Well, family connections are true, here's excerpt from Bill's mother bio: "Her tenure on the national board's executive committee is believed to have helped Microsoft, based in Seattle, at a crucial time. In 1980, she discussed her son's company with John Opel, a fellow committee member and the chairman of International Business Machines Corporation (IBM). Opel, by some accounts, mentioned Mrs. Gates to other IBM executives. A few weeks later, IBM took a chance by hiring Microsoft, then a small software firm, to develop an operating system for its first personal computer." https://en.wikipedia.org/wiki/Mary_Maxwell_Gates


> Bill Gates didn't write DOS he purchased it after selling it to IBM

As I recall the purchased DOS was extensively modified and redone for IBM.

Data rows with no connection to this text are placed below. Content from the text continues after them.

definition test_fun :: "complex set \<Rightarrow> (complex \<Rightarrow> real) \<Rightarrow> bool" where
  "test_fun U \<psi> \<longleftrightarrow> smooth_fun \<psi> \<and> compact (tsupport \<psi>) \<and> tsupport \<psi> \<subseteq> U"

definition distr_laplacian_on :: "complex set \<Rightarrow> (complex \<Rightarrow> ereal) \<Rightarrow> complex measure \<Rightarrow> bool" where
  "distr_laplacian_on U \<phi> \<nu> \<longleftrightarrow>
     sets \<nu> = sets borel \<and> emeasure \<nu> (- U) = 0 \<and>
     (\<forall>K. compact K \<and> K \<subseteq> U \<longrightarrow> emeasure \<nu> K < \<infinity>) \<and>
     (AE z in lborel. z \<in> U \<longrightarrow> \<phi> z \<noteq> - \<infinity>) \<and>
     (\<forall>K. compact K \<and> K \<subseteq> U \<longrightarrow> set_integrable lborel K (\<lambda>z. real_of_ereal (\<phi> z))) \<and>
     (\<forall>\<psi>. test_fun U \<psi> \<longrightarrow>
        (\<integral>z. real_of_ereal (\<phi> z) * laplacian \<psi> z \<partial>lborel) = (\<integral>z. \<psi> z \<partial>\<nu>))"

definition exp_neg :: "ereal \<Rightarrow> ennreal" where
  "exp_neg x = (if x = - \<infinity> then \<infinity> else ennreal (exp (- real_of_ereal x)))"

end

theory Submission
  imports Defs
begin

text \<open>
  Testing \<open>\<Delta>\<phi> = \<nu>\<close> against \<open>\<psi>(w) = F(\<bar>w - z\<bar>\<^sup>2)\<close>, where \<open>F\<close> is a smooth cutoff of \<open>s \<mapsto> ln (R\<^sup>2/s)\<close>,
  gives a lower bound of Riesz type,
    \<open>\<phi>(z) \<ge> A\<^sub>R \<phi>(z) - (1/2\<pi>) \<integral> max 0 (ln (R/\<bar>w - z\<bar>)) d\<nu>(w)\<close>,
  where \<open>A\<^sub>R \<phi>(z)\<close> is a smoothly weighted mean of \<open>\<phi>\<close> over the disc of radius \<open>R\<close> about \<open>z\<close>; near \<open>z\<close>
  only the upper semicontinuity of \<open>\<phi>\<close> is needed. These means are bounded for \<open>z\<close> on the compact
  curve \<open>\<gamma>\<close>. If \<open>\<nu>\<close> has mass \<open>M = 2\<pi>m\<close>, Jensen's inequality for the probability measure \<open>\<nu>/M\<close>
  turns the exponential of the potential into an average:
    \<open>exp (-\<phi>(z)) \<le> C (1 + (R powr m / M) \<integral> \<bar>w - z\<bar> powr -m d\<nu>(w))\<close>.
  For \<open>z = t + i y(t)\<close> we have \<open>\<bar>w - z\<bar> \<ge> \<bar>Re w - t\<bar>\<close>, and as \<open>m < 1\<close> the integral of
  \<open>\<bar>Re w - t\<bar> powr -m\<close> over \<open>t \<in> [a, b]\<close> is bounded uniformly in \<open>w\<close>, so Tonelli's theorem gives
  the claim; the arc-length density \<open>sqrt (1 + y'\<^sup>2)\<close> is bounded because \<open>y\<close> is Lipschitz.
\<close>

section \<open>A smooth step function\<close>

definition exp_inv_pow :: "nat \<Rightarrow> real \<Rightarrow> real" where
  "exp_inv_pow k x = (if x > 0 then exp (- inverse x) * inverse x ^ k else 0)"

lemma exp_inv_pow_tendsto_0: "(exp_inv_pow k \<longlongrightarrow> 0) (at 0)"
proof -
  have "((\<lambda>x. inverse x ^ k / exp (inverse x)) \<longlongrightarrow> (0::real)) (at_right 0)"
    using tendsto_power_div_exp_0 filterlim_inverse_at_top_right by (rule filterlim_compose)
  moreover have "\<forall>\<^sub>F x in at_right 0. inverse x ^ k / exp (inverse x) = exp_inv_pow k x"
    by (simp add: exp_inv_pow_def exp_minus field_simps eventually_mono[OF eventually_at_right_less])
  ultimately have "(exp_inv_pow k \<longlongrightarrow> 0) (at_right 0)"
    by (rule Lim_transform_eventually)
  moreover have "\<forall>\<^sub>F x in at_left 0. 0 = exp_inv_pow k x"
    by (rule eventually_mono[of "\<lambda>x. x < 0"]) (simp_all add: exp_inv_pow_def eventually_at_filter)
  then have "(exp_inv_pow k \<longlongrightarrow> 0) (at_left 0)"
    by (rule Lim_transform_eventually[OF tendsto_const])
  ultimately show ?thesis
    by (simp add: filterlim_split_at)
qed

lemma exp_inv_pow_has_real_derivative:
  "(exp_inv_pow k has_real_derivative (exp_inv_pow (k + 2) x - real k * exp_inv_pow (k + 1) x)) (at x)"
proof (cases x "0::real" rule: linorder_cases)
  case greater
  define D where "D = exp (- inverse x) * inverse x ^ 2 * inverse x ^ k
    + exp (- inverse x) * (real k * inverse x ^ (k - 1) * - (inverse x ^ 2))"
  have "((\<lambda>x. exp (- inverse x) * inverse x ^ k) has_real_derivative D) (at x)"
    unfolding D_def using greater by (auto intro!: derivative_eq_intros simp: power2_eq_square)
  moreover have "D = exp_inv_pow (k + 2) x - real k * exp_inv_pow (k + 1) x"
  proof (cases k)
    case 0
    then show ?thesis
      using greater by (simp add: D_def exp_inv_pow_def power2_eq_square)
  next
    case (Suc j)
    then show ?thesis
      using greater by (simp add: D_def exp_inv_pow_def power2_eq_square algebra_simps)
  qed
  ultimately have "((\<lambda>x. exp (- inverse x) * inverse x ^ k) has_real_derivative
      exp_inv_pow (k + 2) x - real k * exp_inv_pow (k + 1) x) (at x)"
    by simp
  then show ?thesis
    by (rule has_field_derivative_transform_within_open[where S="{0<..}"])
      (use greater in \<open>auto simp: exp_inv_pow_def\<close>)
next
  case less
  have "((\<lambda>_. 0) has_real_derivative exp_inv_pow (k + 2) x - real k * exp_inv_pow (k + 1) x) (at x)"
    using less by (simp add: exp_inv_pow_def)
  then show ?thesis
    by (rule has_field_derivative_transform_within_open[where S="{..<0}"])
      (use less in \<open>auto simp: exp_inv_pow_def\<close>)
next
  case equal
  have "\<forall>\<^sub>F y in at 0. exp_inv_pow (k + 1) y = (exp_inv_pow k y - exp_inv_pow k 0) / (y - 0)"
    by (rule eventually_mono[OF eventually_at_topological[THEN iffD2]])
      (auto simp: exp_inv_pow_def field_simps)
  with exp_inv_pow_tendsto_0[of "k + 1"]
  have "((\<lambda>y. (exp_inv_pow k y - exp_inv_pow k 0) / (y - 0)) \<longlongrightarrow> 0) (at 0)"
    by (rule Lim_transform_eventually)
  then show ?thesis
    using equal by (simp add: has_field_derivative_iff exp_inv_pow_def)
qed

definition smooth_real :: "(real \<Rightarrow> real) \<Rightarrow> bool" where
  "smooth_real f \<longleftrightarrow> (\<forall>n x. (deriv ^^ n) f differentiable (at x))"

lemma smooth_realI_deriv_closed:
  assumes "\<And>f. f \<in> S \<Longrightarrow> (\<forall>x. f differentiable (at x)) \<and> deriv f \<in> S" and "f \<in> S"
  shows "smooth_real f"
proof -
  have "\<forall>f\<in>S. (deriv ^^ n) f \<in> S" for n
    by (induction n) (auto simp: funpow_Suc_right assms(1) simp del: funpow.simps)
  then show ?thesis
    unfolding smooth_real_def using assms by blast
qed

lemma smooth_real_deriv: "smooth_real f \<Longrightarrow> smooth_real (deriv f)"
  unfolding smooth_real_def by (metis funpow_Suc_right comp_apply)

lemma smooth_real_has_real_derivative: "smooth_real f \<Longrightarrow> (f has_real_derivative deriv f x) (at x)"
  unfolding smooth_real_def by (metis DERIV_deriv_iff_real_differentiable funpow_0)

lemma smooth_real_continuous_on_deriv:
  assumes "smooth_real f"
  shows "continuous_on S (deriv f)"
proof (rule continuous_at_imp_continuous_on)
  have "deriv f differentiable (at x)" for x
    using assms unfolding smooth_real_def by (metis funpow_0 funpow_Suc_right o_apply)
  then show "\<forall>x\<in>S. isCont (deriv f) x"
    using differentiable_imp_continuous_within by blast
qed

text \<open>Membership in this class, which is closed under differentiation, is how smoothness of
  concrete functions is proved.\<close>

inductive_set smooth_closure :: "(real \<Rightarrow> real) set" where
  const: "(\<lambda>_. c) \<in> smooth_closure"
| ident: "(\<lambda>x. x) \<in> smooth_closure"
| exp_inv_pow: "exp_inv_pow k \<in> smooth_closure"
| affine: "f \<in> smooth_closure \<Longrightarrow> (\<lambda>x. f (a * x + b)) \<in> smooth_closure"
| add: "f \<in> smooth_closure \<Longrightarrow> g \<in> smooth_closure \<Longrightarrow> (\<lambda>x. f x + g x) \<in> smooth_closure"
| mult: "f \<in> smooth_closure \<Longrightarrow> g \<in> smooth_closure \<Longrightarrow> (\<lambda>x. f x * g x) \<in> smooth_closure"
| inverse: "g \<in> smooth_closure \<Longrightarrow> (\<forall>x. g x \<noteq> 0) \<Longrightarrow> (\<lambda>x. inverse (g x)) \<in> smooth_closure"

lemma smooth_closure_diff:
  assumes "f \<in> smooth_closure" and "g \<in> smooth_closure"
  shows "(\<lambda>x. f x - g x) \<in> smooth_closure"
proof -
  have "(\<lambda>x. f x + (- 1) * g x) \<in> smooth_closure"
    by (intro smooth_closure.intros assms)
  then show ?thesis
    by simp
qed

lemma smooth_closure_scale:
  "f \<in> smooth_closure \<Longrightarrow> (\<lambda>x. f (x / c)) \<in> smooth_closure"
  using smooth_closure.affine[of f "inverse c" 0] by (simp add: divide_inverse mult.commute)

lemma smooth_closure_has_derivative:
  "f \<in> smooth_closure \<Longrightarrow> \<exists>f'\<in>smooth_closure. \<forall>x. (f has_real_derivative f' x) (at x)"
proof (induction rule: smooth_closure.induct)
  case (const c)
  show ?case
    using smooth_closure.const by (intro bexI[of _ "\<lambda>_. 0"]) auto
next
  case ident
  show ?case
    using smooth_closure.const by (intro bexI[of _ "\<lambda>_. 1"]) auto
next
  case (exp_inv_pow k)
  have "(\<lambda>x. exp_inv_pow (k + 2) x + (- real k) * exp_inv_pow (k + 1) x) \<in> smooth_closure"
    by (rule smooth_closure.add[OF smooth_closure.exp_inv_pow
          smooth_closure.mult[OF smooth_closure.const smooth_closure.exp_inv_pow]])
  with exp_inv_pow_has_real_derivative[of k] show ?case
    by (intro bexI) auto
next
  case (affine f a b)
  then obtain f' where f': "f' \<in> smooth_closure" "\<forall>x. (f has_real_derivative f' x) (at x)"
    by blast
  have "((\<lambda>x. f (a * x + b)) has_real_derivative a * f' (a * x + b)) (at x)" for x
  proof -
    have "((\<lambda>x. a * x + b) has_real_derivative a) (at x)"
      by (auto intro!: derivative_eq_intros)
    from DERIV_chain2[OF f'(2)[rule_format] this] show ?thesis
      by (simp add: mult.commute)
  qed
  moreover have "(\<lambda>x. a * f' (a * x + b)) \<in> smooth_closure"
    by (rule smooth_closure.mult[OF smooth_closure.const smooth_closure.affine[OF f'(1)]])
  ultimately show ?case
    by (intro bexI[of _ "\<lambda>x. a * f' (a * x + b)"]) auto
next
  case (add f g)
  then obtain f' g' where f': "f' \<in> smooth_closure" "\<forall>x. (f has_real_derivative f' x) (at x)"
    and g': "g' \<in> smooth_closure" "\<forall>x. (g has_real_derivative g' x) (at x)"
    by blast
  have "(\<lambda>x. f' x + g' x) \<in> smooth_closure"
    by (rule smooth_closure.add[OF f'(1) g'(1)])
  with f'(2) g'(2) show ?case
    by (intro bexI[of _ "\<lambda>x. f' x + g' x"]) (auto intro!: derivative_eq_intros)
next
  case (mult f g)
  then obtain f' g' where f': "f' \<in> smooth_closure" "\<forall>x. (f has_real_derivative f' x) (at x)"
    and g': "g' \<in> smooth_closure" "\<forall>x. (g has_real_derivative g' x) (at x)"
    by blast
  have "(\<lambda>x. f' x * g x + f x * g' x) \<in> smooth_closure"
    using mult.hyps f'(1) g'(1) by (intro smooth_closure.add smooth_closure.mult)
  with f'(2) g'(2) show ?case
    by (intro bexI[of _ "\<lambda>x. f' x * g x + f x * g' x"]) (auto intro!: derivative_eq_intros)
next
  case (inverse g)
  then obtain g' where g': "g' \<in> smooth_closure" "\<forall>x. (g has_real_derivative g' x) (at x)"
    by blast
  have "(\<lambda>x. (- 1) * g' x * (inverse (g x) * inverse (g x))) \<in> smooth_closure"
    using inverse.hyps g'(1) by (intro smooth_closure.mult smooth_closure.const smooth_closure.inverse)
  with g'(2) inverse.hyps(2) show ?case
    by (intro bexI[of _ "\<lambda>x. (- 1) * g' x * (inverse (g x) * inverse (g x))"])
      (auto intro!: derivative_eq_intros simp: power2_eq_square)
qed

lemma smooth_closure_differentiable: "f \<in> smooth_closure \<Longrightarrow> f differentiable (at x)"
  using smooth_closure_has_derivative real_differentiable_def by blast

lemma smooth_closure_continuous_on:
  assumes "f \<in> smooth_closure"
  shows "continuous_on S f"
proof (rule continuous_at_imp_continuous_on)
  show "\<forall>x\<in>S. isCont f x"
    using smooth_closure_differentiable[OF assms] differentiable_imp_continuous_within by blast
qed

But sold it before he had a copy.


filfre does have a history of the IBM PC that tells the story of how it came to be and the dealings between IBM and MicroSoft and (with Kildall of Digital).

It is worth a read.

https://www.filfre.net/2012/05/the-ibm-pc-part-1/


I've always gotten the impression that Microsoft was from the beginning more of a business enterprise than an engineering one. Gates and Allen wrote BASIC for the Altair, and then made it big by buying QDOS after Gary Kildall was out of the office when IBM came by for a meeting. Doesn't really compare with the revolutions of the Apple II and Macintosh.


> I've always gotten the impression that Microsoft was from the beginning more of a business enterprise than an engineering one.

At the risk of being rude, if that’s the impression you had, then you’ve been entirely misled. Microsoft in the early days was quiet literally the exact opposite.

I recommend reading virtually any book (there’s a lot) on the early history of MicroSoft.